WORK TASK => What you return should match the data below exactly, line for line.

..........

(* Let $G=(V,E)$ be a finite simple connected graph, $t\ge 0$ an integer, $r\ge 0$ an integer, and $\Phi\subseteq\Phi^{(t)}_{\mathrm{all}}$ a set of failure patterns. Then consensus in $G$ can be solved by an oblivious algorithm running in $r$ rounds under the $t$-resilient model with failure patterns in $\Phi$ (i.e. for every input assignment and every failure pattern in $\Phi$) if and only if every connected component of the information flow graph $\mathsf{IF}(G,r,\Phi)$ has a dominating node in $V$.
   Context: Model. $G=(V,E)$ is a finite simple connected undirected graph whose nodes carry distinct identifiers; $N(v)$ is the neighbourhood of $v$. Computation proceeds in synchronous rounds; in each round every node sends a message to each neighbour, receives its neighbours' messages, and computes. Nodes know $G$ and $t$. Failure patterns. A failure pattern is a set $\varphi=\{(v,F_v,f_v): v\in F\}$ with $F\subseteq V$, $|F|\le t$, and for each $v\in F$ an integer $f_v\ge1$ and a nonempty $F_v\subseteq N(v)$: $v$ acts normally in rounds $1,\dots,f_v-1$, in round $f_v$ its messages reach exactly $N(v)\setminus F_v$, and afterwards it sends nothing. Nodes in $F$ are faulty, the others correct. $\Phi^{(t)}_{\mathrm{all}}$ denotes the set of all failure patterns with at most $t$ faulty nodes. Causal paths. A causal path w.r.t. $\varphi$ from $v$ to $v'$ is a sequence $u_1=v,\dots,u_q=v'$ with $u_{i+1}\in N(u_i)$, such that for each $i<q$, $u_i$ has not crashed during rounds $1,\dots,i-1$, and if $(u_i,F_{u_i},i)\in\varphi$ then $u_{i+1}\notin F_{u_i}$; its length is $q-1$. Views. Each node $u$ has input $x_u$; in flooding every node sends $(u,x_u)$ in round 1 and forwards all known pairs in later rounds. $\mathrm{view}(v,r,\varphi)$ is the set of pairs $(u,x_u)$ known to $v$ after $r$ rounds under $\varphi$; $(u,x_u)\in\mathrm{view}(v,r,\varphi)$ iff $u=v$ or some causal path w.r.t. $\varphi$ from $u$ to $v$ has length at most $r$. Views are identified through the set of nodes $u$ whose pair they contain (this set depends only on $G,\varphi,r$), so the graph below does not depend on inputs. Oblivious algorithms and consensus. An oblivious algorithm running in $r$ rounds floods for $r$ rounds, then each correct node $v$ outputs a value depending only on $v$ and $\mathrm{view}(v,r,\varphi)$. Consensus: inputs come from a set $I$ with $|I|\ge2$; every correct node outputs a value in $I$, all correct nodes output the same value, and every output equals some node's input. Information flow graph. $\mathsf{IF}(G,r,\Phi)$ is the undirected graph whose vertices are all pairs $(v,\mathrm{view}(v,r,\varphi))$ with $\varphi\in\Phi$ and $v$ correct in $\varphi$ (two such pairs are the same vertex if the node and the view coincide), with an edge between $(v_1,w_1)$ and $(v_2,w_2)$ whenever there exists $\varphi\in\Phi$ with $w_1=\mathrm{view}(v_1,r,\varphi)$ and $w_2=\mathrm{view}(v_2,r,\varphi)$. Domination. A node $v\in V$ dominates a connected component $C$ of $\mathsf{IF}(G,r,\Phi)$ if for every $\varphi\in\Phi$ and every $u\in V$ with $(u,\mathrm{view}(u,r,\varphi))\in C$ we have $(v,x_v)\in\mathrm{view}(u,r,\varphi)$ ($v$ itself need not be correct). *)

theory Defs
  imports Main
begin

..........

TASK RESPONSE =>
(* Let $G=(V,E)$ be a finite simple connected graph, $t\ge 0$ an integer, $r\ge 0$ an integer, and $\Phi\subseteq\Phi^{(t)}_{\mathrm{all}}$ a set of failure patterns. Then consensus in $G$ can be solved by an oblivious algorithm running in $r$ rounds under the $t$-resilient model with failure patterns in $\Phi$ (i.e. for every input assignment and every failure pattern in $\Phi$) if and only if every connected component of the information flow graph $\mathsf{IF}(G,r,\Phi)$ has a dominating node in $V$.
   Context: Model. $G=(V,E)$ is a finite simple connected undirected graph whose nodes carry distinct identifiers; $N(v)$ is the neighbourhood of $v$. Computation proceeds in synchronous rounds; in each round every node sends a message to each neighbour, receives its neighbours' messages, and computes. Nodes know $G$ and $t$. Failure patterns. A failure pattern is a set $\varphi=\{(v,F_v,f_v): v\in F\}$ with $F\subseteq V$, $|F|\le t$, and for each $v\in F$ an integer $f_v\ge1$ and a nonempty $F_v\subseteq N(v)$: $v$ acts normally in rounds $1,\dots,f_v-1$, in round $f_v$ its messages reach exactly $N(v)\setminus F_v$, and afterwards it sends nothing. Nodes in $F$ are faulty, the others correct. $\Phi^{(t)}_{\mathrm{all}}$ denotes the set of all failure patterns with at most $t$ faulty nodes. Causal paths. A causal path w.r.t. $\varphi$ from $v$ to $v'$ is a sequence $u_1=v,\dots,u_q=v'$ with $u_{i+1}\in N(u_i)$, such that for each $i<q$, $u_i$ has not crashed during rounds $1,\dots,i-1$, and if $(u_i,F_{u_i},i)\in\varphi$ then $u_{i+1}\notin F_{u_i}$; its length is $q-1$. Views. Each node $u$ has input $x_u$; in flooding every node sends $(u,x_u)$ in round 1 and forwards all known pairs in later rounds. $\mathrm{view}(v,r,\varphi)$ is the set of pairs $(u,x_u)$ known to $v$ after $r$ rounds under $\varphi$; $(u,x_u)\in\mathrm{view}(v,r,\varphi)$ iff $u=v$ or some causal path w.r.t. $\varphi$ from $u$ to $v$ has length at most $r$. Views are identified through the set of nodes $u$ whose pair they contain (this set depends only on $G,\varphi,r$), so the graph below does not depend on inputs. Oblivious algorithms and consensus. An oblivious algorithm running in $r$ rounds floods for $r$ rounds, then each correct node $v$ outputs a value depending only on $v$ and $\mathrm{view}(v,r,\varphi)$. Consensus: inputs come from a set $I$ with $|I|\ge2$; every correct node outputs a value in $I$, all correct nodes output the same value, and every output equals some node's input. Information flow graph. $\mathsf{IF}(G,r,\Phi)$ is the undirected graph whose vertices are all pairs $(v,\mathrm{view}(v,r,\varphi))$ with $\varphi\in\Phi$ and $v$ correct in $\varphi$ (two such pairs are the same vertex if the node and the view coincide), with an edge between $(v_1,w_1)$ and $(v_2,w_2)$ whenever there exists $\varphi\in\Phi$ with $w_1=\mathrm{view}(v_1,r,\varphi)$ and $w_2=\mathrm{view}(v_2,r,\varphi)$. Domination. A node $v\in V$ dominates a connected component $C$ of $\mathsf{IF}(G,r,\Phi)$ if for every $\varphi\in\Phi$ and every $u\in V$ with $(u,\mathrm{view}(u,r,\varphi))\in C$ we have $(v,x_v)\in\mathrm{view}(u,r,\varphi)$ ($v$ itself need not be correct). *)

theory Defs
  imports Main
begin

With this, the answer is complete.